Problem:
Every line from the one containing "S2. \<forall>s\<in>T. 0 \<le>" to the one containing "by (simp add: sgn_div_norm)" in the records below, both included, must be set down exactly, and no other line.

[Dataset entries]
============
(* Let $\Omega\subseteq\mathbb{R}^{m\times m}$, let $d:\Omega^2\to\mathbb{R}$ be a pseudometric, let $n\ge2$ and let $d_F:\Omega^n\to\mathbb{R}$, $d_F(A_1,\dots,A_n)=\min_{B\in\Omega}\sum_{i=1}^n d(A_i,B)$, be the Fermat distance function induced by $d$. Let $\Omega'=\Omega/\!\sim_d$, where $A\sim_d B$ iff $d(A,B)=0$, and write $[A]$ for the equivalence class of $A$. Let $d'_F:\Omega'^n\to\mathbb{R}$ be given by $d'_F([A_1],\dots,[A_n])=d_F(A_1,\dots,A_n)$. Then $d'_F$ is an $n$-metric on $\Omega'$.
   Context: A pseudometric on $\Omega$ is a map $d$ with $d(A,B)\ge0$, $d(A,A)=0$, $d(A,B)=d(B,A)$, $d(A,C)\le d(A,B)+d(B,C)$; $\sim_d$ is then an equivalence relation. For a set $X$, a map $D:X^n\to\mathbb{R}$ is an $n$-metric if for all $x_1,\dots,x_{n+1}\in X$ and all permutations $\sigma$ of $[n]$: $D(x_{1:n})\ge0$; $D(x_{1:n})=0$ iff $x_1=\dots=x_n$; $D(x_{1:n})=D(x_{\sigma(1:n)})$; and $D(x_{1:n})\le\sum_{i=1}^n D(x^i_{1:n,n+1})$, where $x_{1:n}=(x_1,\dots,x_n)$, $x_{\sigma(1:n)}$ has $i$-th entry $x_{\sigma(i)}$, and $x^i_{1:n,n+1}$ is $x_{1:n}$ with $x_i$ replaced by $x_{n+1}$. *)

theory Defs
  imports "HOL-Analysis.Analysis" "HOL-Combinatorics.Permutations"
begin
============
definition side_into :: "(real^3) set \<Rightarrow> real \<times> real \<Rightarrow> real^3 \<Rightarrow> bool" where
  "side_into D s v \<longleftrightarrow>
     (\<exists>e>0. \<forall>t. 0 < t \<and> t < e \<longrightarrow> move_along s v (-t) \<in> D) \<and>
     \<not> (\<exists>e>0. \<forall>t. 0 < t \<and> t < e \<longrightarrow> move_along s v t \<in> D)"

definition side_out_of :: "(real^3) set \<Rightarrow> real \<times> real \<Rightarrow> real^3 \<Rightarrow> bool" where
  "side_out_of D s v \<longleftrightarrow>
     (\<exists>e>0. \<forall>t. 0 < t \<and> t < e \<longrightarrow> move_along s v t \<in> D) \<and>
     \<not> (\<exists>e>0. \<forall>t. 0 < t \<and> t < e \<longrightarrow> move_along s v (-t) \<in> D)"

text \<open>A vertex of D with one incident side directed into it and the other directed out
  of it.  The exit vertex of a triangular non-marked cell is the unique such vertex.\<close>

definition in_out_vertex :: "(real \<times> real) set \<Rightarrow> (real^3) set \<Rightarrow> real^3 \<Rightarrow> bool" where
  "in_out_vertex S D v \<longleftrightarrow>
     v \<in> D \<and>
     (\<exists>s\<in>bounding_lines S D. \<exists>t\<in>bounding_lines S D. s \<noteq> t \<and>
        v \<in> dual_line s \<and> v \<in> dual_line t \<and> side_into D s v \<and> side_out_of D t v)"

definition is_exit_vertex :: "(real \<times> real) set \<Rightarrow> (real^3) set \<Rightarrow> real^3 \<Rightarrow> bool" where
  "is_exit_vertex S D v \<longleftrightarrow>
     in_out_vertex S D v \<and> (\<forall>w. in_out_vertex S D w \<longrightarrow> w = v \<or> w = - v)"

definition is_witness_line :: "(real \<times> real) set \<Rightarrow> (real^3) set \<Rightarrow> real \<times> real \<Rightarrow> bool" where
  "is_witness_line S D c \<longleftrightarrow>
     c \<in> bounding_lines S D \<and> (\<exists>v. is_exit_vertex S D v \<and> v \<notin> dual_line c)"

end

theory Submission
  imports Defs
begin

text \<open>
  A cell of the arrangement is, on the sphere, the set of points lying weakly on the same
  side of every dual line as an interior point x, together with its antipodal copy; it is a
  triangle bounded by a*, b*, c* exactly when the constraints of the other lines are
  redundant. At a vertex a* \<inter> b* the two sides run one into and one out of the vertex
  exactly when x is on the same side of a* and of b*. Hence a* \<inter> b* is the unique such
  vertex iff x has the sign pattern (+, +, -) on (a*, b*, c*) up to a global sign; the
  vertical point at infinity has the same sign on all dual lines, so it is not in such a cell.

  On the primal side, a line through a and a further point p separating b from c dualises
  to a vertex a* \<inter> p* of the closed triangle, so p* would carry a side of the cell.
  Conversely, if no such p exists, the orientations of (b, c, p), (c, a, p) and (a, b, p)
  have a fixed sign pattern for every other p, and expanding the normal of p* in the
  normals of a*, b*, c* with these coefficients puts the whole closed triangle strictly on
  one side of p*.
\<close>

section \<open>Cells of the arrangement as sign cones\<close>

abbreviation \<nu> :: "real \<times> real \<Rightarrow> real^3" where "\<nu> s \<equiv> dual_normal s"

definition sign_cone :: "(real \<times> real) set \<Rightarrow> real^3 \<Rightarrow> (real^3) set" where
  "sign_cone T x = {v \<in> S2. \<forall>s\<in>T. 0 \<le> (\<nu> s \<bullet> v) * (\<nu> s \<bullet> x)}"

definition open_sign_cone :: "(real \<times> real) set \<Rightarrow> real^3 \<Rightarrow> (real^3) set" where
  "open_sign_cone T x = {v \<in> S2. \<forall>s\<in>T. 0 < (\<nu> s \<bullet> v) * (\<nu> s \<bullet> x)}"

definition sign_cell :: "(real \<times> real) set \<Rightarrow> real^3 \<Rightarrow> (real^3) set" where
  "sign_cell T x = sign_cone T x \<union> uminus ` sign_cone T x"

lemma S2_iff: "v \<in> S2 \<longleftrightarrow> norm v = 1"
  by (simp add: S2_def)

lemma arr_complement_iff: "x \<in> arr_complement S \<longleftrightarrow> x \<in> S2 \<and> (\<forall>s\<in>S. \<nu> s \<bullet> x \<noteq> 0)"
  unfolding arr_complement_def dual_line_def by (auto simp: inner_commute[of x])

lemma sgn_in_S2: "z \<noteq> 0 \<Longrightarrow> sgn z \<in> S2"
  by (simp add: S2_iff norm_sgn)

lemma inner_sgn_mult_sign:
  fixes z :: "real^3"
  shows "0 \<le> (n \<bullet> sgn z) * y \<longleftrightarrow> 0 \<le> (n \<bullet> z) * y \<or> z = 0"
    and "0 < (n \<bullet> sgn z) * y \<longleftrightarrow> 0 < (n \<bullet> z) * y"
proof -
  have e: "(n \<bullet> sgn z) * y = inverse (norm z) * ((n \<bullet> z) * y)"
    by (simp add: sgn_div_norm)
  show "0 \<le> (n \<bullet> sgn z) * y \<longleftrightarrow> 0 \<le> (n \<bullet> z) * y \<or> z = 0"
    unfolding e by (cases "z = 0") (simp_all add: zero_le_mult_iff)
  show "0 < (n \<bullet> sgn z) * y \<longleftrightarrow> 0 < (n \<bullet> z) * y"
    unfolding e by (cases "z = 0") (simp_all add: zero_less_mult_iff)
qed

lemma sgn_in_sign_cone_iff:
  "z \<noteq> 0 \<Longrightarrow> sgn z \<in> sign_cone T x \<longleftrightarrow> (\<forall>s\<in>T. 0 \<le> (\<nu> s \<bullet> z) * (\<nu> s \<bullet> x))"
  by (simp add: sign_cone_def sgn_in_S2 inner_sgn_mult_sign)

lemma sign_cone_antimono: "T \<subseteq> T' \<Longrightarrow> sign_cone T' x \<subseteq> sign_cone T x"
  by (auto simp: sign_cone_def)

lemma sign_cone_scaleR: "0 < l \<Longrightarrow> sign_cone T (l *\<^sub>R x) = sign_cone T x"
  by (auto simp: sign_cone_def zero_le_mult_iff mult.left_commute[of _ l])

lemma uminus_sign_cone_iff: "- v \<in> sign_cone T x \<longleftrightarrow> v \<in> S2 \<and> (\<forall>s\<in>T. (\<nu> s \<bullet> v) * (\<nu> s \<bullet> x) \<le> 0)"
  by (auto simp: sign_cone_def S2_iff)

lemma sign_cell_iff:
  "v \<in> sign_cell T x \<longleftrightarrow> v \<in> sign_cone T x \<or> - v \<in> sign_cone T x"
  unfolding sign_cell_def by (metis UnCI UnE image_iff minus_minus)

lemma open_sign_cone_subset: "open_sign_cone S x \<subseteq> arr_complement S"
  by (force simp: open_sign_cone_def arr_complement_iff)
============
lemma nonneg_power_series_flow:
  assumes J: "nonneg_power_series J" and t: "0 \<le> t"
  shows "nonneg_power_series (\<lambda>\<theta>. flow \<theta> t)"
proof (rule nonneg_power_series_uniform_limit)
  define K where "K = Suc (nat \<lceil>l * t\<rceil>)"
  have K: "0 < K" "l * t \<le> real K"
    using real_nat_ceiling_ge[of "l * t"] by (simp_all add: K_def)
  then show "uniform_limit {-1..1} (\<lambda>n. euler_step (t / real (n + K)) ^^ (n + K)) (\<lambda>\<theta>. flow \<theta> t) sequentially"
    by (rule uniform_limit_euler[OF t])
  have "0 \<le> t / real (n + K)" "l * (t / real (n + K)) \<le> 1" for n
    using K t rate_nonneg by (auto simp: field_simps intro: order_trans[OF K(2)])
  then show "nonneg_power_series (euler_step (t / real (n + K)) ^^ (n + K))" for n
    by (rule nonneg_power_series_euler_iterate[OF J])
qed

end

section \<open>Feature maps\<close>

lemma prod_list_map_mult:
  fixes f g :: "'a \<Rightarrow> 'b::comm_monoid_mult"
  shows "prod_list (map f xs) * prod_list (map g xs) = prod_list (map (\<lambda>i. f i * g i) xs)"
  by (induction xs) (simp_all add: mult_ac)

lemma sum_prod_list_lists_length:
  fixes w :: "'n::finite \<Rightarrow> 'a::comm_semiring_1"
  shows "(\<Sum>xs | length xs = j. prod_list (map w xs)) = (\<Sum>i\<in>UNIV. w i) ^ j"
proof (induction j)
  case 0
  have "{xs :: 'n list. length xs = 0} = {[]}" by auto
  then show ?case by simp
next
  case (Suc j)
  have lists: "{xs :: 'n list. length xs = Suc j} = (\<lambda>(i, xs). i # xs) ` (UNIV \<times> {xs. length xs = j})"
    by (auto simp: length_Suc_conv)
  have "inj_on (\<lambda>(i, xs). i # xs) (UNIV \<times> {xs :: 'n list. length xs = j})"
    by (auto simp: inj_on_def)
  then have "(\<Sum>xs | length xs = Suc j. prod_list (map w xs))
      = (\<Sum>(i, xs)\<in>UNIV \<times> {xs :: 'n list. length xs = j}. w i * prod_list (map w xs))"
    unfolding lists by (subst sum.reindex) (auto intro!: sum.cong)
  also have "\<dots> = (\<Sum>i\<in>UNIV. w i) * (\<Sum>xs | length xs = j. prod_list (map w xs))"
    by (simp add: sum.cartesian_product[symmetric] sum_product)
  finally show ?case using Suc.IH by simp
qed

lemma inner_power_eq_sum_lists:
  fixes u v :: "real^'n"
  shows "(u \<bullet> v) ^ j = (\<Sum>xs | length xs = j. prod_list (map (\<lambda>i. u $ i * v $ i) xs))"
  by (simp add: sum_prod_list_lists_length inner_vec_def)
============
Answer to this task:
  "sign_cone T x = {v \<in> S2. \<forall>s\<in>T. 0 \<le> (\<nu> s \<bullet> v) * (\<nu> s \<bullet> x)}"

definition open_sign_cone :: "(real \<times> real) set \<Rightarrow> real^3 \<Rightarrow> (real^3) set" where
  "open_sign_cone T x = {v \<in> S2. \<forall>s\<in>T. 0 < (\<nu> s \<bullet> v) * (\<nu> s \<bullet> x)}"

definition sign_cell :: "(real \<times> real) set \<Rightarrow> real^3 \<Rightarrow> (real^3) set" where
  "sign_cell T x = sign_cone T x \<union> uminus ` sign_cone T x"

lemma S2_iff: "v \<in> S2 \<longleftrightarrow> norm v = 1"
  by (simp add: S2_def)

lemma arr_complement_iff: "x \<in> arr_complement S \<longleftrightarrow> x \<in> S2 \<and> (\<forall>s\<in>S. \<nu> s \<bullet> x \<noteq> 0)"
  unfolding arr_complement_def dual_line_def by (auto simp: inner_commute[of x])

lemma sgn_in_S2: "z \<noteq> 0 \<Longrightarrow> sgn z \<in> S2"
  by (simp add: S2_iff norm_sgn)

lemma inner_sgn_mult_sign:
  fixes z :: "real^3"
  shows "0 \<le> (n \<bullet> sgn z) * y \<longleftrightarrow> 0 \<le> (n \<bullet> z) * y \<or> z = 0"
    and "0 < (n \<bullet> sgn z) * y \<longleftrightarrow> 0 < (n \<bullet> z) * y"
proof -
  have e: "(n \<bullet> sgn z) * y = inverse (norm z) * ((n \<bullet> z) * y)"
    by (simp add: sgn_div_norm)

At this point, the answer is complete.